Des Pigeons à l'IA : L'Héritage de Skinner sur l'Apprentissage Automatique

Technologyreview

Au milieu de la Seconde Guerre mondiale, alors que les physiciens s’efforçaient de percer les secrets de l’atome pour le projet Manhattan, le psychologue américain B.F. Skinner se lançait dans sa propre entreprise gouvernementale clandestine. Son objectif n’était pas une arme plus destructrice, mais plutôt une arme plus précise. Inspiré par un vol d’oiseaux en formation aux côtés de son train, Skinner les imagina comme des « dispositifs » dotés d’une vision et d’une maniabilité exceptionnelles capables de guider des missiles.

Expérimentant initialement avec des corbeaux, qui se révélèrent peu coopératifs, Skinner se tourna vers le pigeon, plus malléable, donnant naissance au « Projet Pigeon ». Bien que les pigeons ordinaires, Columba livia, fussent à peine considérés comme intelligents, ils se montrèrent remarquablement doués en laboratoire. Skinner les entraîna avec des récompenses alimentaires pour qu’ils picorent des cibles spécifiques sur des photographies aériennes, les imaginant finalement attachés à une ogive, dirigeant le missile en picorant une image en direct projetée sur un écran. L’armée n’a jamais déployé ces kamikazes aviaires, mais les expériences de Skinner ont profondément façonné sa vision : le pigeon, déclara-t-il en 1944, était « un instrument extrêmement fiable » pour étudier les processus fondamentaux de l’apprentissage, une créature pratique qui « peut être transformée en machine ».

Alors que beaucoup retracent les origines de l’intelligence artificielle à la science-fiction ou à des expériences de pensée comme le test de Turing, un précurseur moins célébré, mais tout aussi crucial, réside dans les recherches de Skinner sur les pigeons au milieu du XXe siècle. Skinner a défendu l’« association » — le processus d’essai-erreur consistant à lier une action à une récompense ou une punition — comme le bloc de construction fondamental de tout comportement, non seulement chez les pigeons mais chez tous les organismes vivants, y compris les humains. Ses théories « béhavioristes » sont tombées en désuétude auprès des psychologues et des chercheurs en animaux dans les années 1960, mais elles ont trouvé un nouveau foyer inattendu en informatique, jetant finalement les bases de nombreux outils d’IA de pointe actuels, issus d’entreprises comme Google et OpenAI.

Ces entreprises emploient de plus en plus une forme d’apprentissage automatique dont le concept central, le renforcement, est directement dérivé de l’école de psychologie de Skinner. Ses principaux architectes, les informaticiens Richard Sutton et Andrew Barto, ont reçu le prix Turing 2024, largement considéré comme le prix Nobel de l’informatique, pour leurs contributions. L’apprentissage par renforcement a permis aux ordinateurs de conduire des véhicules, de résoudre des problèmes mathématiques complexes et de vaincre des grands maîtres dans des jeux comme les échecs et le Go. Crucialement, il réalise ces prouesses non pas en imitant les rouages complexes de l’esprit humain, mais en suralimentant les processus associatifs simples observés dans le cerveau du pigeon.

Sutton a qualifié cela de « leçon amère » tirée de 70 ans de recherche en IA : l’intelligence humaine n’a pas servi de modèle idéal pour l’apprentissage automatique. Au lieu de cela, ce sont les principes apparemment humbles de l’apprentissage associatif qui alimentent des algorithmes capables de simuler, voire de surpasser les humains dans diverses tâches.

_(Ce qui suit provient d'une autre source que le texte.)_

(* Let $n\ge 3$ be an integer and let $\{D_I\}_{I\in\binom{[n]}{n-1}}$ be a family of positive real numbers, where $[n]=\{1,\dots,n\}$; write $D_{\hat i}=D_{[n]\setminus\{i\}}$ for $i\in[n]$. There exists a positive-weighted (simple, finite) graph $\mathcal G=(G,w)$ with vertex set exactly $V(G)=[n]$ such that $D_{\hat i}(\mathcal G)=D_{\hat i}$ for all $i\in[n]$ if and only if the following two conditions hold: (i) $(n-2)D_{\hat i}\le \sum_{j\in[n]\setminus\{i\}} D_{\hat j}$ for every $i\in[n]$; (ii) if the maximum of $\{D_{\hat i}\}_{i\in[n]}$ is attained by at least two indices $i$, then all the inequalities in (i) are strict.
   Context: All graphs are simple and finite. A positive-weighted graph $\mathcal G=(G,w)$ is a graph $G$ with a function $w:E(G)\to\mathbb R_{>0}$; for a subgraph $G'$, $w(G')$ is the sum of the weights of the edges of $G'$. For distinct vertices $i_1,\dots,i_k$ of $G$, $D_{\{i_1,\dots,i_k\}}(\mathcal G)$ is the minimum of $w(R)$ over all connected subgraphs $R$ of $G$ whose vertex set contains $i_1,\dots,i_k$ (equality $D_{\hat i}(\mathcal G)=D_{\hat i}$ in particular requires such subgraphs to exist). We write $D_{\hat i}(\mathcal G)=D_{[n]\setminus\{i\}}(\mathcal G)$. *)

theory Defs
  imports Complex_Main
begin

definition simple_graph :: "'a set \<Rightarrow> 'a set set \<Rightarrow> bool" where
  "simple_graph V E \<longleftrightarrow> finite V \<and> (\<forall>e\<in>E. e \<subseteq> V \<and> card e = 2)"

definition pos_weighted_graph :: "'a set \<Rightarrow> 'a set set \<Rightarrow> ('a set \<Rightarrow> real) \<Rightarrow> bool" where
  "pos_weighted_graph V E w \<longleftrightarrow> simple_graph V E \<and> (\<forall>e\<in>E. w e > 0)"

definition subgraph :: "'a set \<Rightarrow> 'a set set \<Rightarrow> 'a set \<Rightarrow> 'a set set \<Rightarrow> bool" where
  "subgraph S F V E \<longleftrightarrow> S \<subseteq> V \<and> F \<subseteq> E \<and> (\<forall>e\<in>F. e \<subseteq> S)"

definition connected_graph :: "'a set \<Rightarrow> 'a set set \<Rightarrow> bool" where
  "connected_graph S F \<longleftrightarrow> S \<noteq> {} \<and>
     (\<forall>u\<in>S. \<forall>v\<in>S. (u, v) \<in> {(a, b). {a, b} \<in> F}\<^sup>*)"

(* D_X(G) = d : the minimum of w(R) over connected subgraphs R of G whose vertex
   set contains X exists and equals d *)
definition min_conn_weight :: "'a set \<Rightarrow> 'a set set \<Rightarrow> ('a set \<Rightarrow> real) \<Rightarrow> 'a set \<Rightarrow> real \<Rightarrow> bool" where
  "min_conn_weight V E w X d \<longleftrightarrow>
     (\<exists>S F. subgraph S F V E \<and> connected_graph S F \<and> X \<subseteq> S \<and> sum w F = d) \<and>
     (\<forall>S F. subgraph S F V E \<and> connected_graph S F \<and> X \<subseteq> S \<longrightarrow> d \<le> sum w F)"

end

theory Submission
  imports Defs
begin

text \<open>
Let \<open>M\<close> be the least weight of a connected spanning subgraph, so that \<open>D\<^sub>i \<le> M\<close> for all \<open>i\<close>.
Rooting an optimal spanning subgraph at \<open>i\<close>, the other vertices \<open>j\<close> can be given distinct incident
edges \<open>e\<^sub>j\<close> (the edges of a search tree). Adding \<open>e\<^sub>j\<close> to an optimal subgraph for \<open>D\<^sub>j\<close> spans, so
\<open>M \<le> D\<^sub>j + w e\<^sub>j\<close>; summing over \<open>j \<noteq> i\<close> gives \<open>(n - 1) M \<le> (\<Sum>j\<noteq>i. D\<^sub>j) + M\<close>, hence (i). If (i) is
an equality at \<open>i\<close>, then \<open>D\<^sub>i = M\<close> and every slack \<open>D\<^sub>j + w e\<^sub>j - M\<close> vanishes, so \<open>D\<^sub>j < D\<^sub>i\<close> for \<open>j \<noteq> i\<close>
and the maximum is attained only once.

Conversely, let \<open>c\<close> maximise \<open>D\<close>, let \<open>d\<close> maximise it on the other vertices, and put
\<open>T = (\<Sum>j\<noteq>c. D\<^sub>j) / (n - 2)\<close>. Take the star at \<open>c\<close> with weights \<open>T - D\<^sub>j\<close>, together with the star at \<open>d\<close>
on the vertices other than \<open>c\<close> whose weights are those of the first star raised by \<open>(D\<^sub>c - D\<^sub>d) / (n - 2)\<close>.
Conditions (i) and (ii) make all weights positive. The first star without its
leaf \<open>i\<close> weighs \<open>D\<^sub>i\<close>, the second star weighs \<open>D\<^sub>c\<close>, and these are optimal because every edge at a
vertex \<open>k \<noteq> c\<close> weighs at least the edge \<open>{c, k}\<close>.
\<close>

definition realisable :: "'a set \<Rightarrow> ('a \<Rightarrow> real) \<Rightarrow> bool" where
  "realisable V D \<longleftrightarrow>
     (\<exists>E w. pos_weighted_graph V E w \<and> (\<forall>i\<in>V. min_conn_weight V E w (V - {i}) (D i)))"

Si l’IA est véritablement sur le point d’agir de manière autonome, alors nos futurs seigneurs numériques pourraient ressembler davantage à des « rats ailés » avec des cerveaux de la taille d’une planète qu’à nous.

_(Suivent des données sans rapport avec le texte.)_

lemma sum_mv_transpose:
  "(\<Sum>i\<in>I. mv I (\<lambda>i j. c * A j i) v i * u i) = c * (\<Sum>j\<in>I. v j * mv I A u j)"
proof -
  have "(\<Sum>i\<in>I. mv I (\<lambda>i j. c * A j i) v i * u i) = (\<Sum>i\<in>I. \<Sum>j\<in>I. c * (v j * (A j i * u i)))"
    by (auto simp: mv_def sum_distrib_right mult.assoc mult.left_commute intro!: sum.cong)
  also have "\<dots> = (\<Sum>j\<in>I. \<Sum>i\<in>I. c * (v j * (A j i * u i)))"
    by (rule sum.swap)
  also have "\<dots> = c * (\<Sum>j\<in>I. v j * mv I A u j)"
    by (auto simp: mv_def sum_distrib_left intro!: sum.cong)
  finally show ?thesis .
qed

lemma sum_mv_transpose_one:
  "(\<Sum>i\<in>I. mv I (\<lambda>i j. A j i) v i * u i) = (\<Sum>j\<in>I. v j * mv I A u j)"
  using sum_mv_transpose[where c=1] by simp

lemma mv_kron:
  assumes "finite I" "finite J"
  shows "mv (I \<times> J) (kron A B) w = (\<lambda>(i,j). mv I A (\<lambda>i'. mv J B (\<lambda>j'. w (i',j')) j) i)"
  using assms
  by (auto simp: mv_def kron_def sum_distrib_left mult.assoc sum.cartesian_product split_def)

lemma mv_kron_product:
  assumes "finite I" "finite J"
  shows "mv (I \<times> J) (kron A B) (\<lambda>(i,j). u i * w j) = (\<lambda>(i,j). mv I A u i * mv J B w j)"
proof -
  have "mv I A (\<lambda>i'. u i' * c) = (\<lambda>i. mv I A u i * c)" for c
    using mv_scale[of I A c u] by (simp add: mult.commute)
  then show ?thesis
    by (simp add: mv_kron[OF assms] mv_scale)
qed

lemma mv_mv_swap:
  "mv J B (\<lambda>j'. mv I C (\<lambda>i''. h i'' j') i') j = mv I C (\<lambda>i''. mv J B (\<lambda>j'. h i'' j') j) i'"
  by (auto simp: mv_def sum_distrib_left mult.left_commute intro: sum.swap)

lemma mv_kron_mv_kron:
  assumes fin: "finite I" "finite J"
    and AC: "\<forall>v\<in>vecs I. mv I A (mv I C v) = (\<lambda>i. a * mv I A' v i)"
    and BD: "\<forall>v\<in>vecs J. mv J B (mv J D v) = (\<lambda>j. b * mv J B' v j)"
    and w: "w \<in> vecs (I \<times> J)"
  shows "mv (I \<times> J) (kron A B) (mv (I \<times> J) (kron C D) w) = (\<lambda>p. (a * b) * mv (I \<times> J) (kron A' B') w p)"
proof (rule ext, clarify)
  fix i j
  define h where "h = (\<lambda>i''. mv J B (\<lambda>j'. mv J D (\<lambda>j''. w (i'',j'')) j') j)"
  have row: "(\<lambda>j''. w (i'',j'')) \<in> vecs J" for i''
    using w by (auto simp: vecs_def)
  have h: "h = (\<lambda>i''. b * mv J B' (\<lambda>j''. w (i'',j'')) j)"
    unfolding h_def using BD row by auto
  have "h \<in> vecs I"
    using w by (auto simp: h vecs_def mv_def)
  have "mv (I \<times> J) (kron A B) (mv (I \<times> J) (kron C D) w) (i,j)
      = mv I A (\<lambda>i'. mv J B (\<lambda>j'. mv I C (\<lambda>i''. mv J D (\<lambda>j''. w (i'',j'')) j') i') j) i"
    by (simp add: mv_kron[OF fin])
  also have "\<dots> = mv I A (mv I C h) i"
    unfolding h_def by (rule arg_cong[where f="\<lambda>g. mv I A g i"], rule ext, rule mv_mv_swap)
  also have "\<dots> = a * mv I A' h i"
    using AC \<open>h \<in> vecs I\<close> by metis
  also have "\<dots> = (a * b) * mv (I \<times> J) (kron A' B') w (i,j)"
    unfolding h mv_scale by (simp add: mv_kron[OF fin])
  finally show "mv (I \<times> J) (kron A B) (mv (I \<times> J) (kron C D) w) (i,j)
      = (a * b) * mv (I \<times> J) (kron A' B') w (i,j)" .
qed

section \<open>Images of idempotent matrices\<close>

lemma fixed_in_image: "v \<in> vecs I \<Longrightarrow> mv I A v = v \<Longrightarrow> v \<in> mv I A ` vecs I"
  by (rule image_eqI[OF sym])

lemma image_idem_iff:
  assumes "idem_on I P"
  shows "u \<in> mv I P ` vecs I \<longleftrightarrow> u \<in> vecs I \<and> mv I P u = u"
  using assms mv_in_vecs fixed_in_image unfolding idem_on_def by blast

lemma idem_on_kron:
  assumes "finite I" "finite J" "idem_on I P" "idem_on J Q"
  shows "idem_on (I \<times> J) (kron P Q)"
  using mv_kron_mv_kron[OF assms(1,2), of P P 1 P Q Q 1 Q] assms(3,4)
  unfolding idem_on_def by simp

lemma lin_span_lincomb:
  assumes "finite X" "\<forall>q\<in>X. g q \<in> S"
  shows "(\<lambda>p. \<Sum>q\<in>X. c q * g q p) \<in> lin_span S"
proof -
  define d where "d t = (\<Sum>q\<in>{q\<in>X. g q = t}. c q)" for t
  have "(\<lambda>p. \<Sum>q\<in>X. c q * g q p) = (\<lambda>p. \<Sum>t\<in>g ` X. d t * t p)"
  proof (rule ext)
    fix p
    have "(\<Sum>q\<in>X. c q * g q p) = (\<Sum>t\<in>g ` X. \<Sum>q\<in>{q\<in>X. g q = t}. c q * g q p)"
      by (rule sum.image_gen[OF assms(1)])
    also have "\<dots> = (\<Sum>t\<in>g ` X. d t * t p)"
      unfolding d_def sum_distrib_right by (intro sum.cong refl) auto
    finally show "(\<Sum>q\<in>X. c q * g q p) = (\<Sum>t\<in>g ` X. d t * t p)" .
  qed
  then show ?thesis
    unfolding lin_span_def using assms by blast
qed

lemma tensor_sub_induct [consumes 1, case_names lincomb]:
  assumes "t \<in> tensor_sub U W"
    and "\<And>T c. finite T \<Longrightarrow> (\<And>s. s \<in> T \<Longrightarrow> \<exists>u\<in>U. \<exists>w\<in>W. s = (\<lambda>(i,j). u i * w j))
           \<Longrightarrow> P (\<lambda>p. \<Sum>s\<in>T. c s * s p)"
  shows "P t"
proof -
  obtain T c where t: "t = (\<lambda>p. \<Sum>s\<in>T. c s * s p)" and "finite T"
    and T: "T \<subseteq> {(\<lambda>(i,j). u i * w j) | u w. u \<in> U \<and> w \<in> W}"
    using assms(1) unfolding tensor_sub_def lin_span_def by blast
  show ?thesis
    unfolding t using \<open>finite T\<close> by (rule assms(2)) (use T in blast)
qed

lemma mv_kron_in_tensor_sub:
  assumes fin: "finite I" "finite J" and w: "w \<in> vecs (I \<times> J)"
  shows "mv (I \<times> J) (kron A B) w \<in> tensor_sub (mv I A ` vecs I) (mv J B ` vecs J)"
proof -
  define g where "g q = (\<lambda>(i,j). mv I A (unit_vec (fst q)) i * mv J B (unit_vec (snd q)) j)"
    for q :: "'a \<times> 'b"
  have "mv (I \<times> J) (kron A B) (unit_vec q) = g q" for q
  proof -
    have "mv (I \<times> J) (kron A B) (unit_vec q)
        = mv (I \<times> J) (kron A B) (\<lambda>(i,j). unit_vec (fst q) i * unit_vec (snd q) j)"
      by (rule arg_cong[where f="mv (I \<times> J) (kron A B)"]) (auto simp: unit_vec_def prod_eq_iff)
    also have "\<dots> = g q"
      unfolding g_def by (rule mv_kron_product[OF fin])
    finally show ?thesis .
  qed
  then have "mv (I \<times> J) (kron A B) w = (\<lambda>p. \<Sum>q\<in>I \<times> J. w q * g q p)"
    by (simp only: mv_expansion[OF finite_cartesian_product[OF fin] w])
  moreover have "g q \<in> {(\<lambda>(i,j). u i * w j) | u w. u \<in> mv I A ` vecs I \<and> w \<in> mv J B ` vecs J}"
    if "q \<in> I \<times> J" for q
  proof -
    have "unit_vec (fst q) \<in> vecs I" "unit_vec (snd q) \<in> vecs J"
      using that by (auto intro: unit_vec_in_vecs)
    then show ?thesis
      unfolding g_def
      by (intro CollectI exI[of _ "mv I A (unit_vec (fst q))"] exI[of _ "mv J B (unit_vec (snd q))"]
          conjI refl imageI)
  qed
  ultimately show ?thesis
    unfolding tensor_sub_def using fin by (auto intro: lin_span_lincomb)
qed

lemma tensor_sub_image_kron:
  assumes fin: "finite I" "finite J" and P: "idem_on I P" and Q: "idem_on J Q"
  shows "tensor_sub (mv I P ` vecs I) (mv J Q ` vecs J) = mv (I \<times> J) (kron P Q) ` vecs (I \<times> J)"
proof
  show "mv (I \<times> J) (kron P Q) ` vecs (I \<times> J) \<subseteq> tensor_sub (mv I P ` vecs I) (mv J Q ` vecs J)"
    using mv_kron_in_tensor_sub[OF fin] by blast
next
  show "tensor_sub (mv I P ` vecs I) (mv J Q ` vecs J) \<subseteq> mv (I \<times> J) (kron P Q) ` vecs (I \<times> J)"
  proof
    fix t assume "t \<in> tensor_sub (mv I P ` vecs I) (mv J Q ` vecs J)"
    then show "t \<in> mv (I \<times> J) (kron P Q) ` vecs (I \<times> J)"
    proof (induction rule: tensor_sub_induct)
      case (lincomb T c)
      have fixed: "s \<in> vecs (I \<times> J) \<and> mv (I \<times> J) (kron P Q) s = s" if sT: "s \<in> T" for s
      proof -
        obtain u w where uw: "u \<in> mv I P ` vecs I" "w \<in> mv J Q ` vecs J"
          and s: "s = (\<lambda>(i,j). u i * w j)"
          using lincomb.hyps(2)[OF sT] by blast
        have "u \<in> vecs I" "mv I P u = u" "w \<in> vecs J" "mv J Q w = w"
          using uw unfolding image_idem_iff[OF P] image_idem_iff[OF Q] by simp_all
        then show ?thesis
          unfolding s by (auto simp: mv_kron_product[OF fin] vecs_def)
      qed
      then have zero: "s p = 0" if "s \<in> T" "p \<notin> I \<times> J" for s p
        using that unfolding vecs_def by blast
      have "(\<lambda>p. \<Sum>s\<in>T. c s * s p) \<in> vecs (I \<times> J)"
        unfolding vecs_def by (intro CollectI allI impI sum.neutral ballI) (simp add: zero)
      moreover have "mv (I \<times> J) (kron P Q) (\<lambda>p. \<Sum>s\<in>T. c s * s p) = (\<lambda>p. \<Sum>s\<in>T. c s * s p)"
        using fixed by (simp add: mv_lincomb)
      ultimately show ?case
        unfolding image_idem_iff[OF idem_on_kron[OF fin P Q]] ..
    qed
  qed
qed

lemma orthogonal_idempotents_sum:
  fixes A :: "'g \<Rightarrow> 'x \<Rightarrow> 'x \<Rightarrow> 'k::comm_ring_1"
  assumes S: "finite S"
    and orth: "\<And>y y' w. y \<in> S \<Longrightarrow> y' \<in> S \<Longrightarrow> w \<in> vecs X \<Longrightarrow>
      mv X (A y) (mv X (A y') w) = (\<lambda>p. if y = y' then mv X (A y) w p else 0)"
    and u: "\<forall>y\<in>S. u y \<in> mv X (A y) ` vecs X"
  shows "\<And>y. y \<in> S \<Longrightarrow> mv X (A y) (\<lambda>p. \<Sum>y'\<in>S. u y' p) = u y"
    and "(\<lambda>p. \<Sum>y\<in>S. u y p) \<in> mv X (\<lambda>p q. \<Sum>y\<in>S. A y p q) ` vecs X"
proof -
  have "\<forall>y\<in>S. \<exists>w. w \<in> vecs X \<and> u y = mv X (A y) w"
    using u by blast
  then obtain w where "\<forall>y\<in>S. w y \<in> vecs X \<and> u y = mv X (A y) (w y)"
    by (rule bchoice[THEN exE])
  then have w: "\<And>y. y \<in> S \<Longrightarrow> w y \<in> vecs X" "\<And>y. y \<in> S \<Longrightarrow> u y = mv X (A y) (w y)"
    by simp_all
  have usum: "(\<lambda>p. \<Sum>y\<in>S. u y p) = (\<lambda>p. \<Sum>y\<in>S. mv X (A y) (w y) p)"
    using w(2) by (intro ext sum.cong) auto
  show component: "mv X (A y) (\<lambda>p. \<Sum>y'\<in>S. u y' p) = u y" if "y \<in> S" for y
    unfolding usum using that S w by (simp add: mv_sum orth)
  have "mv X (A y) (w y) i = 0" if "i \<notin> X" for y i
    using mv_in_vecs[of X "A y" "w y"] that unfolding vecs_def by blast
  then have "(\<lambda>p. \<Sum>y\<in>S. u y p) \<in> vecs X"
    unfolding usum vecs_def by simp
  moreover have "mv X (\<lambda>p q. \<Sum>y\<in>S. A y p q) (\<lambda>p. \<Sum>y\<in>S. u y p) = (\<lambda>p. \<Sum>y\<in>S. u y p)"
    using component by (simp add: mv_mat_sum)
  ultimately show "(\<lambda>p. \<Sum>y\<in>S. u y p) \<in> mv X (\<lambda>p q. \<Sum>y\<in>S. A y p q) ` vecs X"
    by (rule fixed_in_image)
qed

Les récents triomphes de l’IA incitent désormais certains chercheurs en animaux à réexaminer l’évolution de l’intelligence naturelle. Johan Lind, biologiste à l’Université de Stockholm, met en lumière le « paradoxe de l’apprentissage associatif » : le processus est souvent écarté par les biologistes comme étant trop simpliste pour produire des comportements animaux complexes, pourtant il est célébré pour générer des capacités similaires à celles des humains chez les ordinateurs. Cette réévaluation suggère un rôle bien plus important pour l’apprentissage associatif chez les animaux intelligents comme les chimpanzés et les corbeaux, et même une complexité auparavant sous-estimée chez des créatures longtemps considérées comme simples d’esprit, telles que le pigeon commun.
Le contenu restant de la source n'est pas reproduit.